Giovanni Papini La vocazione di teppista intellettuale – Da Lacerba

Qualcuno, che s’immagina di conoscermi, si meraviglierà, forse, di vedermi qui, in mezzo ai futuristi, pronto e disposto a urlare coi lupi e a ridere coi pazzi ( benissimo). Ma io, che mi conosco assai meglio di chiunque altra persona, non sono affatto sorpreso di trovarmi in così cattiva compagnia ( bravo!). Da quando, dieci anni fa, sono scappato da quelle case di perdizione che son le scuole ( primi urli) per buttar fuori quel che avevo accumulato in un lungo incubamento di solitudine ho avuto sempre il vizio di star dalla parte dei matti contro i savi; con quelli che mettono il campo a rumore contro quelli che voglion stabilire il pericoloso ordine e la mortale calma; con quelli che hanno fatto ai cazzotti contro quelli che stanno alla finestra a vedere ( gridi svariati). Mi hanno chiamato ciarlatano, mi hanno chiamato teppista, mi hanno chiamato becero ( bene!). Ed io ho ricevuto con inconfessabile gioia queste ingiurie che diventano lodi magnifiche nelle bocche di chi le pronunzia. Io sono un teppista, è arcivero ( verissimo!). M’è sempre piaciuto rompere le finestre e i coglioni altrui ( vocìo enorme) e vi sono in Italia dei crani illustri, che mostrano ancora le bozze livide delle mie sassate ( proteste, alcune signore si alzano). Non c’è, nel nostro caro paese di parvenus, abbastanza teppismo intellettuale. Siamo nelle mani dei borghesi, dei burocratici, degli accademici, dei posapiano, dei piacciconi ( gridìo confuso). Non basta aprire le finestre – bisogna sfondar le porte. Le riviste non bastano ci voglion le pedate ( approvazioni ironiche).

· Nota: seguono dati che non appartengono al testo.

(* For every $i\in\mathcal U$ and every $a\in L$: $\exists u\,T(i,a,u)$ holds if and only if the sequent $B\to\exists u\,T(i,a,u)$ is provable.
   Context: The theory $\mathbf B$: first-order theory with binary infix function symbol "$.$", predicates $T(i,a,u)$, $U(x,s,z,q,j,i,u)$, and single axiom $B$, the conjunction of the universal closures of: (1) $T(i,a,u)\supset U(\emptyset,\emptyset,a.\emptyset,1,i,i,u)$; (2) $U(\emptyset,\emptyset,a.\emptyset,1,i,i,u)\supset T(i,a,u)$; (3) $U(x,s,z,0,i,i,x)$; (4) $U(x,v,r.z,p,i,i,u)\supset U(x.v,s,z,q,\,q.s.p.r.0.j,\,i,u)$; (5) $U(x.r,v,z,p,i,i,u)\supset U(x,s,v.z,q,\,q.s.p.r.1.j,\,i,u)$; (6) $U(x,s,z,q,j,i,u)\supset U(x,s,z,q,\,q'.s'.p.r.d.j,\,i,u)$. $L$ is the set of right-tape lists (built from $\emptyset$ by $s.z$ with $s$ a tape symbol), $M\subset L$ the set of Turing machine codes (lists of quintuples $q.s.p.r.d$ with states $p,q$, symbols $r,s$, move $d\in\{0,1\}$); in the intended interpretation $T(i,a,u)$ means machine $i$ on input $a$ halts with output $u$. $\mathcal U$ is the set of deterministic Turing machine codes (no two quintuples with the same $q.s$ and different $p.r.d$) that on every input $F.\emptyset$, $F$ a propositional formula, halt with output $\emptyset.0$ if $F$ is satisfiable and $\emptyset.1$ if $F$ is unsatisfiable. *)

theory Defs
  imports Main
begin
(* Let $\mathcal{A}$ be a unital algebra over a field $F$ with $\operatorname{char}(F)\neq2$ such that $\mathcal{A}=R(\mathcal{A})$. Then $\operatorname{QJDer}(\mathcal{A})=\operatorname{Cent}(\mathcal{A})+\operatorname{JDer}(\mathcal{A})$.
   Context: $R(\mathcal{A})$ is the subalgebra of $\mathcal{A}$ generated by all idempotents of $\mathcal{A}$. $x\circ y=xy+yx$. $\operatorname{QJDer}(\mathcal{A})$: linear $f:\mathcal{A}\to\mathcal{A}$ for which there is a linear $h$ with $f(x)\circ y+x\circ f(y)=h(x\circ y)$ for all $x,y$. $\operatorname{Cent}(\mathcal{A})$: linear $f$ with $f(xy)=f(x)y=xf(y)$. $\operatorname{JDer}(\mathcal{A})$: linear $d$ with $d(x\circ y)=d(x)\circ y+x\circ d(y)$. Sums of sets of maps are sets of pointwise sums. *)

theory Defs
  imports Main "HOL.Vector_Spaces"
begin

text \<open>An associative unital algebra over a field 'k is modelled as a type 'a of class ring_1
  together with a scalar multiplication smult making 'a a 'k-vector space such that the
  multiplication is 'k-bilinear.\<close>

definition unital_algebra :: "('k::field \<Rightarrow> 'a::ring_1 \<Rightarrow> 'a) \<Rightarrow> bool" where
  "unital_algebra smult \<longleftrightarrow> Vector_Spaces.vector_space smult \<and>
     (\<forall>c x y. smult c (x * y) = smult c x * y \<and> smult c (x * y) = x * smult c y)"

definition jprod :: "'a::ring \<Rightarrow> 'a \<Rightarrow> 'a" (infixl "\<circle>" 70) where
  "x \<circle> y = x * y + y * x"

inductive_set R_alg :: "('k::field \<Rightarrow> 'a::ring_1 \<Rightarrow> 'a) \<Rightarrow> 'a set" for smult where
  idem: "e * e = e \<Longrightarrow> e \<in> R_alg smult"
| zero: "0 \<in> R_alg smult"
| one: "1 \<in> R_alg smult"
| add: "x \<in> R_alg smult \<Longrightarrow> y \<in> R_alg smult \<Longrightarrow> x + y \<in> R_alg smult"
| scale: "x \<in> R_alg smult \<Longrightarrow> smult c x \<in> R_alg smult"
| mult: "x \<in> R_alg smult \<Longrightarrow> y \<in> R_alg smult \<Longrightarrow> x * y \<in> R_alg smult"

definition QJDer :: "('k::field \<Rightarrow> 'a::ring_1 \<Rightarrow> 'a) \<Rightarrow> ('a \<Rightarrow> 'a) set" where
  "QJDer smult = {f. Vector_Spaces.linear smult smult f \<and>
     (\<exists>h. Vector_Spaces.linear smult smult h \<and> (\<forall>x y. f x \<circle> y + x \<circle> f y = h (x \<circle> y)))}"

definition Cent :: "('k::field \<Rightarrow> 'a::ring_1 \<Rightarrow> 'a) \<Rightarrow> ('a \<Rightarrow> 'a) set" where
  "Cent smult = {f. Vector_Spaces.linear smult smult f \<and>
     (\<forall>x y. f (x * y) = f x * y \<and> f (x * y) = x * f y)}"

definition JDer :: "('k::field \<Rightarrow> 'a::ring_1 \<Rightarrow> 'a) \<Rightarrow> ('a \<Rightarrow> 'a) set" where
  "JDer smult = {d. Vector_Spaces.linear smult smult d \<and>
     (\<forall>x y. d (x \<circle> y) = d x \<circle> y + x \<circle> d y)}"

definition map_set_plus :: "('a \<Rightarrow> 'b::plus) set \<Rightarrow> ('a \<Rightarrow> 'b) set \<Rightarrow> ('a \<Rightarrow> 'b) set" where
  "map_set_plus S T = {(\<lambda>x. f x + g x) | f g. f \<in> S \<and> g \<in> T}"

end

theory Submission
  imports Defs
begin

text \<open>Let \<open>f\<close> be a quasi-Jordan derivation with associated map \<open>h\<close> and put \<open>a = f 1\<close>.
  Taking \<open>y = 1\<close> gives \<open>2 h x = 2 f x + x \<circle> a\<close>, and comparing \<open>(e, e)\<close> with \<open>(e, 1)\<close> for an
  idempotent \<open>e\<close> shows, via the Peirce decomposition relative to \<open>e\<close>, that \<open>a\<close> commutes with \<open>e\<close>.
  The centraliser of \<open>a\<close> is a subalgebra, so \<open>a\<close> is central as \<open>\<A> = R(\<A>)\<close>. Then
  \<open>x \<mapsto> a x\<close> lies in the centroid, and since \<open>2\<close> is invertible \<open>h x = f x + a x\<close>, which
  makes \<open>f - a \<cdot>\<close> a Jordan derivation. Conversely every centroid element \<open>c\<close> satisfies the
  defining identity with \<open>h = 2 c\<close> and every Jordan derivation \<open>d\<close> with \<open>h = d\<close>.\<close>

lemma (in vector_space) double_cancel:
  fixes x y :: 'b
  assumes "(2::'a) \<noteq> 0" and "x + x = y + y"
  shows "x = y"
proof -
  have "scale 2 (x - y) = (x - y) + (x - y)"
    by (metis one_add_one scale_left_distrib scale_one)
  also have "\<dots> = 0"
    using assms(2) by (simp add: algebra_simps)
  finally show ?thesis
    using assms(1) by simp
qed

lemma commute_idempotent_if_jprod_eq:
  fixes e u a :: "'a::ring_1"
  assumes idem: "e * e = e"
    and eq: "u \<circle> e + e \<circle> u = u \<circle> 1 + e \<circle> a"
  shows "a * e = e * a"
proof -
  have idem': "e * (e * z) = e * z" for z
    using idem by (metis mult.assoc)
  have eq': "u*e + e*u + (u*e + e*u) = u + u + (e*a + a*e)"
    using eq by (simp add: jprod_def algebra_simps)
  \<comment> \<open>compress both sides of \<open>eq'\<close> to the Peirce components \<open>e \<A> (1 - e)\<close> and \<open>(1 - e) \<A> e\<close>\<close>
  have "e * (u*e + e*u + (u*e + e*u)) * (1 - e) = (e*u - e*u*e) + (e*u - e*u*e)"
    and "e * (u + u + (e*a + a*e)) * (1 - e) = (e*u - e*u*e) + (e*u - e*u*e) + (e*a - e*a*e)"
    by (simp_all add: algebra_simps idem idem')
  then have left: "e*a = e*a*e"
    using eq' by (metis add_cancel_right_right eq_iff_diff_eq_0)
  have "(1 - e) * (u*e + e*u + (u*e + e*u)) * e = (u*e - e*u*e) + (u*e - e*u*e)"
    and "(1 - e) * (u + u + (e*a + a*e)) * e = (u*e - e*u*e) + (u*e - e*u*e) + (a*e - e*a*e)"
    by (simp_all add: algebra_simps idem idem')
  then have right: "a*e = e*a*e"
    using eq' by (metis add_cancel_right_right eq_iff_diff_eq_0)
  show ?thesis
    using left right by simp
qed

lemma R_alg_commute:
  fixes smult :: "'k::field \<Rightarrow> 'a::ring_1 \<Rightarrow> 'a"
  assumes "unital_algebra smult"
    and idem_commute: "\<And>e. e * e = e \<Longrightarrow> a * e = e * a"
    and "x \<in> R_alg smult"
  shows "a * x = x * a"
  using assms(3)
proof induct
  case (idem e)
  then show ?case by (rule idem_commute)
next
  case (add x y)
  then show ?case by (simp add: algebra_simps)
next
  case (scale x c)
  then show ?case
    using assms(1) unfolding unital_algebra_def by metis
next
  case (mult x y)
  then show ?case by (metis mult.assoc)
qed simp_all

lemma linear_left_mult:
  fixes smult :: "'k::field \<Rightarrow> 'a::ring_1 \<Rightarrow> 'a"
  assumes "unital_algebra smult"
  shows "Vector_Spaces.linear smult smult (\<lambda>x. a * x)"
proof -
  have "a * smult c x = smult c (a * x)" for c x
    using assms unfolding unital_algebra_def by metis
  then show ?thesis
    using assms unfolding unital_algebra_def linear_iff by (simp add: distrib_left)
qed

lemma left_mult_central_in_Cent:
  fixes smult :: "'k::field \<Rightarrow> 'a::ring_1 \<Rightarrow> 'a"
  assumes "unital_algebra smult" and "\<And>x. a * x = x * a"
  shows "(\<lambda>x. a * x) \<in> Cent smult"
proof -
  have "a * (x * y) = a * x * y" and "a * (x * y) = x * (a * y)" for x y
    using assms(2) by (metis mult.assoc)+
  then show ?thesis
    using linear_left_mult[OF assms(1)] unfolding Cent_def by blast
qed

lemma JDer_subset_QJDer: "JDer smult \<subseteq> QJDer smult"
  unfolding JDer_def QJDer_def by auto

lemma Cent_subset_QJDer:
  fixes smult :: "'k::field \<Rightarrow> 'a::ring_1 \<Rightarrow> 'a"
  assumes vs: "Vector_Spaces.vector_space smult"
  shows "Cent smult \<subseteq> QJDer smult"
proof
  fix c assume "c \<in> Cent smult"
  then have lc: "Vector_Spaces.linear smult smult c"
    and mult: "\<And>x y. c (x * y) = c x * y" "\<And>x y. c (x * y) = x * c y"
    unfolding Cent_def by blast+
  have add: "c (x + y) = c x + c y" for x y
    using lc unfolding linear_iff by blast
  have "Vector_Spaces.linear smult smult (\<lambda>z. c z + c z)"
    using vector_space_pair.linear_compose_add[OF vector_space_pair.intro[OF vs vs] lc lc] .
  moreover have "c x \<circle> y + x \<circle> c y = c (x \<circle> y) + c (x \<circle> y)" for x y
    unfolding jprod_def add by (simp add: algebra_simps) (metis mult add.commute add.left_commute)
  ultimately show "c \<in> QJDer smult"
    unfolding QJDer_def using lc by blast
qed

lemma QJDer_add:
  fixes smult :: "'k::field \<Rightarrow> 'a::ring_1 \<Rightarrow> 'a"
  assumes vs: "Vector_Spaces.vector_space smult"
    and "f \<in> QJDer smult" and "g \<in> QJDer smult"
  shows "(\<lambda>x. f x + g x) \<in> QJDer smult"
proof -
  interpret vector_space_pair smult smult
    by (rule vector_space_pair.intro[OF vs vs])
  obtain hf hg where
    lf: "Vector_Spaces.linear smult smult f" and lhf: "Vector_Spaces.linear smult smult hf"
    and Hf: "\<And>x y. f x \<circle> y + x \<circle> f y = hf (x \<circle> y)"
    and lg: "Vector_Spaces.linear smult smult g" and lhg: "Vector_Spaces.linear smult smult hg"
    and Hg: "\<And>x y. g x \<circle> y + x \<circle> g y = hg (x \<circle> y)"
    using assms(2,3) unfolding QJDer_def by blast
  have "(f x + g x) \<circle> y + x \<circle> (f y + g y) = (f x \<circle> y + x \<circle> f y) + (g x \<circle> y + x \<circle> g y)"
    for x y by (simp add: jprod_def algebra_simps)
  then have "(f x + g x) \<circle> y + x \<circle> (f y + g y) = hf (x \<circle> y) + hg (x \<circle> y)" for x y
    by (simp only: Hf Hg)
  then show ?thesis
    unfolding QJDer_def using linear_compose_add[OF lf lg] linear_compose_add[OF lhf lhg] by blast
qed

lemma map_set_plus_Cent_JDer_subset_QJDer:
  fixes smult :: "'k::field \<Rightarrow> 'a::ring_1 \<Rightarrow> 'a"
  assumes "Vector_Spaces.vector_space smult"
  shows "map_set_plus (Cent smult) (JDer smult) \<subseteq> QJDer smult"
  using QJDer_add[OF assms] Cent_subset_QJDer[OF assms] JDer_subset_QJDer
  unfolding map_set_plus_def by blast

lemma QJDer_unit_commute_idempotent:
  assumes "f \<in> QJDer smult" and idem: "e * e = e"
  shows "f 1 * e = e * f 1"
proof -
  obtain h where H: "\<And>x y. f x \<circle> y + x \<circle> f y = h (x \<circle> y)"
    using assms(1) unfolding QJDer_def by blast
  have "e \<circle> e = e \<circle> 1"
    using idem by (simp add: jprod_def)
  then have "f e \<circle> e + e \<circle> f e = f e \<circle> 1 + e \<circle> f 1"
    by (simp only: H)
  then show ?thesis
    using idem commute_idempotent_if_jprod_eq by blast
qed

lemma QJDer_unit_central:
  fixes smult :: "'k::field \<Rightarrow> 'a::ring_1 \<Rightarrow> 'a"
  assumes "unital_algebra smult" and "R_alg smult = UNIV" and "f \<in> QJDer smult"
  shows "f 1 * x = x * f 1"
  using R_alg_commute[OF assms(1) QJDer_unit_commute_idempotent[OF assms(3)]] assms(2)
  by blast

lemma QJDer_minus_unit_mult_in_JDer:
  fixes smult :: "'k::field \<Rightarrow> 'a::ring_1 \<Rightarrow> 'a"
  assumes alg: "unital_algebra smult" and two: "(2::'k) \<noteq> 0"
    and "f \<in> QJDer smult" and central: "\<And>x. f 1 * x = x * f 1"
  shows "(\<lambda>x. f x - f 1 * x) \<in> JDer smult"
proof -
  have vs: "Vector_Spaces.vector_space smult"
    using alg unfolding unital_algebra_def by blast
  obtain h where lf: "Vector_Spaces.linear smult smult f"
    and lh: "Vector_Spaces.linear smult smult h"
    and H: "\<And>x y. f x \<circle> y + x \<circle> f y = h (x \<circle> y)"
    using assms(3) unfolding QJDer_def by blast
  have h_eq: "h z = f z + f 1 * z" for z
  proof (rule vector_space.double_cancel[OF vs two])
    have "h (z + z) = h z + h z"
      using lh unfolding linear_iff by blast
    then show "h z + h z = f z + f 1 * z + (f z + f 1 * z)"
      using H[of z 1] by (simp add: jprod_def central algebra_simps)
  qed
  have "Vector_Spaces.linear smult smult (\<lambda>x. f x - f 1 * x)"
    by (rule vector_space_pair.linear_compose_sub[OF vector_space_pair.intro[OF vs vs]
          lf linear_left_mult[OF alg]])
  moreover have "f (x \<circle> y) - f 1 * (x \<circle> y)
      = (f x - f 1 * x) \<circle> y + x \<circle> (f y - f 1 * y)" for x y
  proof -
    have "f (x \<circle> y) - f 1 * (x \<circle> y) = (f x \<circle> y + x \<circle> f y) - (f 1 * (x \<circle> y) + f 1 * (x \<circle> y))"
      unfolding H h_eq by simp
    also have "\<dots> = (f x - f 1 * x) \<circle> y + x \<circle> (f y - f 1 * y)"
      unfolding jprod_def by (simp add: algebra_simps) (metis central mult.assoc)
    finally show ?thesis .
  qed
  ultimately show ?thesis
    unfolding JDer_def by simp
qed

theorem proposition4p2:
  fixes smult :: "'k::field \<Rightarrow> 'a::ring_1 \<Rightarrow> 'a"
  assumes "unital_algebra smult"
    and "(2::'k) \<noteq> 0"
    and "R_alg smult = UNIV"
  shows "QJDer smult = map_set_plus (Cent smult) (JDer smult)"
proof
  show "QJDer smult \<subseteq> map_set_plus (Cent smult) (JDer smult)"
  proof
    fix f assume f: "f \<in> QJDer smult"
    have central: "\<And>x. f 1 * x = x * f 1"
      using QJDer_unit_central[OF assms(1,3) f] .
    have "(\<lambda>x. f 1 * x) \<in> Cent smult"
      using left_mult_central_in_Cent[OF assms(1) central] .
    moreover have "(\<lambda>x. f x - f 1 * x) \<in> JDer smult"
      using QJDer_minus_unit_mult_in_JDer[OF assms(1,2) f central] .
    ultimately show "f \<in> map_set_plus (Cent smult) (JDer smult)"
      unfolding map_set_plus_def by force
  qed
  show "map_set_plus (Cent smult) (JDer smult) \<subseteq> QJDer smult"
    using map_set_plus_Cent_JDer_subset_QJDer assms(1) unfolding unital_algebra_def by blast
qed

end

Per questo mio stato d’animo, per questa mia nativa ed invincibile inclinazione al becerismo spirituale, io, per quanto non futurista ( risate, insulti), non ho potuto fare a meno di accettare l’invito di Marinetti e di venir qui a far la parte di buffone schiamazzatore dinanzi a tante serie persone ( è vero!). Ho già scritto e stampato tutto il male e tutto il bene che penso del futurismo e non voglio ripetermi. Ma resta il fatto importante e fondamentale che in questo momento, in Italia, non v’è altro moto d’avanguardia vivo e coraggioso al di fuori di questo; non v’è altra compagnia possibile e sopportabile per un’anima di distruttore, per un’anima seccata dell’eterno ieri e innamorata del divino domani – resta il fatto gravissimo, signori miei, che tra questi canzonati futuristi vi sono uomini di vero ingegno che valgono assai più dei graziosi scimpanzé che ridon loro sul viso ( urli bestiali). Queste ragioni mi son bastate e mi bastano per sfidare l’obbrobrio che
può cadere sul mio capo scarmigliato per questo mio gesto di simpatia, e, se volete, di solidarietà (tumulto in platea).